After-ripened seeds of D. strictus can germinate to high percentages in both light/darkness and darkness. Thus, it is likely
that should seeds become covered with soil or litter, they
would not be prevented from germinating. In fact, after a
spring rain soil below the surface or under litter would
remain moist for longer periods of time than that on the soil
surface, and thus burial of seeds in soil or litter would
favour germination. Based on these results, it seems unlikely
that D. strictus could form a large persistent seed bank from
seeds of the upper siliques, which are dispersed soon after
these dehiscent siliques mature.
The pericarp of dehiscent upper siliques of D. strictus is
relatively thin, whereas the indehiscent lower siliques have a
thick pericarp. Thus, the pericarp plays little or no role in controlling germination of seeds from upper siliques, but it physically restricts/prevents germination of seeds within the lower
siliques. However, even when fresh seeds are removed from
the lower silique the presence of some embryo dormancy (or
non-deep physiological dormancy) prevents germination.
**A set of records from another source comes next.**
lemma nn_integral_mult_le_Lp_norm_conjugate:
  fixes a g :: "R3 \<Rightarrow> real"
  assumes q: "1 < q" and g: "in_Lp (q / (q - 1)) (\<lambda>_. 1) g"
    and a: "\<And>w. 0 \<le> a w" "a \<in> borel_measurable lborel"
  shows "(\<integral>\<^sup>+w. ennreal (a w * \<bar>g w\<bar>) \<partial>lborel)
    \<le> ennreal (Lp_norm (q / (q - 1)) (\<lambda>_. 1) g) * ((\<integral>\<^sup>+w. ennreal (a w powr q) \<partial>lborel) + 1)"
proof -
  define r where "r = q / (q - 1)"
  define I where "I = (\<integral>w. \<bar>g w\<bar> powr r \<partial>lborel)"
  define D where "D = I powr (1 / r)"
  have "1 < r" using q by (simp add: r_def field_simps)
  have gm: "g \<in> borel_measurable lborel" and gi: "integrable lborel (\<lambda>w. \<bar>g w\<bar> powr r)"
    using g by (simp_all add: in_Lp_def r_def)
  have "0 \<le> I" unfolding I_def by (intro integral_nonneg_AE) auto
  have D: "Lp_norm (q / (q - 1)) (\<lambda>_. 1) g = D" by (simp add: Lp_norm_def D_def I_def r_def)
  show ?thesis
  proof (cases "I = 0")
    case True
    hence "AE w in lborel. \<bar>g w\<bar> powr r = 0"
      using gi by (simp add: I_def integral_nonneg_eq_0_iff_AE)
    hence "AE w in lborel. ennreal (a w * \<bar>g w\<bar>) = 0" by eventually_elim simp
    hence "(\<integral>\<^sup>+w. ennreal (a w * \<bar>g w\<bar>) \<partial>lborel) = 0" by (simp add: nn_integral_cong_AE)
    thus ?thesis by simp
  next
    case False
    hence "0 < I" "0 < D" using \<open>0 \<le> I\<close> by (simp_all add: D_def)
    have "D powr r = I" using \<open>1 < r\<close> \<open>0 \<le> I\<close> by (simp add: D_def powr_powr)
    \<comment> \<open>Young's inequality for \<open>a\<close> and \<open>|g|/D\<close>: as \<open>D = \<parallel>g\<parallel>\<^sub>r\<close>, the second term integrates to \<open>1\<close>\<close>
    have pointwise: "a w * \<bar>g w\<bar> \<le> D * (a w powr q + \<bar>g w\<bar> powr r / I)" for w
    proof (cases "a w = 0")
      case False
      have "a w * \<bar>g w\<bar> = D * (a w * (\<bar>g w\<bar> / D))" using \<open>0 < D\<close> by simp
      also have "\<dots> \<le> D * (a w powr q + (\<bar>g w\<bar> / D) powr r)"
        using mult_le_powr_add_powr_conjugate[of "a w" "\<bar>g w\<bar> / D" q] False a(1)[of w] q \<open>0 < D\<close>
        by (intro mult_left_mono) (auto simp: r_def)
      also have "(\<bar>g w\<bar> / D) powr r = \<bar>g w\<bar> powr r / I"
        using \<open>0 < D\<close> \<open>D powr r = I\<close> by (simp add: powr_divide)
      finally show ?thesis .
    qed (use \<open>0 < D\<close> \<open>0 < I\<close> in simp)
    have "(\<integral>\<^sup>+w. ennreal (a w * \<bar>g w\<bar>) \<partial>lborel)
        \<le> (\<integral>\<^sup>+w. ennreal D * (ennreal (a w powr q) + ennreal (\<bar>g w\<bar> powr r / I)) \<partial>lborel)"
      using pointwise \<open>0 < D\<close> \<open>0 < I\<close>
      by (intro nn_integral_mono)
        (simp add: ennreal_mult[symmetric] ennreal_plus[symmetric] ennreal_leI del: ennreal_plus)
    also have "\<dots> = ennreal D * ((\<integral>\<^sup>+w. ennreal (a w powr q) \<partial>lborel)
        + (\<integral>\<^sup>+w. ennreal (\<bar>g w\<bar> powr r / I) \<partial>lborel))"
      using a(2) gm by (simp add: nn_integral_cmult nn_integral_add)
    also have "(\<integral>\<^sup>+w. ennreal (\<bar>g w\<bar> powr r / I) \<partial>lborel) = ennreal (\<integral>w. \<bar>g w\<bar> powr r / I \<partial>lborel)"
      using gi \<open>0 < I\<close> by (intro nn_integral_eq_integral) auto
    also have "(\<integral>w. \<bar>g w\<bar> powr r / I \<partial>lborel) = 1" using \<open>0 < I\<close> by (simp add: I_def)
    finally show ?thesis by (simp add: D)
  qed
qed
Germination of the excised seeds from the upper and lower
siliques of D. strictus was not inhibited by mucilage, indicating that water-soluble germination inhibitors were not
leached from it. However, the presence of a thick mucilaginous
layer might play a regulating role in diffusion of water and
oxygen to the embryo and thus influence germination
(Witztum et al., 1969; Liu and Tan, 2007; Thapliyal et al.,
2008).
After dry storage at room temperature for several months,
most of the seeds from upper siliques and those removed
from lower siliques, but not those held within intact lower siliques, could germinate. In the field, after-ripening also occurs
in summer, and seeds are non-dormant in autumn. However,
before the first snowfall in Urümqi in November 2008, we
searched for seedlings of D. strictus in the field but found
none. This was probably due to soil being wet for a period
of only 1 – 2 d at a time, which did not allow the seeds
enough time to germinate even though temperatures were
favourable. However, many seedlings were found in the field
in spring (mid-March to early April), when soil moisture ( precipitation plus snow melt) and temperature were suitable for
germination. Presumably, these seedlings were from upper
silique seeds, or perhaps from lower siliques that had been produced several years earlier (seed bank). In the plots of the
experimental garden, only seeds from upper siliques and
those removed from lower siliques germinated. After 1 year
on the soil surface, pericarps of the lower siliques were still
hard, and seeds inside them were viable. The dormancy breaking requirements of this morph have not been identified, but it
is not due to lack of water uptake by seeds within the intact
siliques or silique segments (Table 7; Fig. 9). We suggest
that seeds within these indehiscent siliques and silique
segments are prevented from germinating during the first
spring germination season (and perhaps also in the second
and later germination seasons) by the mechanical restraint of
the thick, rigid pericarp. The time required for pericarps of
lower siliques to release their seeds or to become soft
enough for the seeds inside to germinate in the field is not
known.
Thus, the lower siliques can form a persistent seed bank
(sensu Thompson and Grime, 1979), which is an advantage
in arid zones with unpredictable rainfall, such as the Junggar
Desert. Buffering variation in reproductive success by
delayed germination in desert annuals is a classic example of
bet-hedging (Philippi, 1993; Venable, 2007). While the best
thing a non-germinating seed can do is to survive, a germinating seed may either die or produce many new offspring. Thus,
producing a fraction of dormant seeds is the hedge against the
risk associated with germination. The germination fraction
favoured by natural selection is lower when there is a high
risk of seedling death than when there is a low risk (Ellner,
1985; Evans et al., 2007).
Seeds from the upper siliques of D. strictus after-ripen
during summer and can germinate in autumn or the following
spring. Seedlings produced in autumn and in spring can
survive and produce seeds in late May to early June and, in
contrast to obligate winter annuals, the non-dormant seeds
do not re-enter dormancy (secondary dormancy) during
winter (Baskin and Baskin, 1998). Thus, the species has the
potential to behave both as a winter annual and as a springephemeral annual, i.e. facultative winter annuals. In the field,
D. strictus behaves mostly as a spring-ephemeral annual,
however, apparently because most seeds, which are nondormant in autumn, are prevented from germinating at that
time by low soil moisture content. The probable reason why
only a low percentage of seeds sown on the soil surface in
summer and watered at 3 d intervals during autumn germinated
in autumn is that the soil did not remain moist for a long
enough period of time for the seeds to germinate (Fig. 6B).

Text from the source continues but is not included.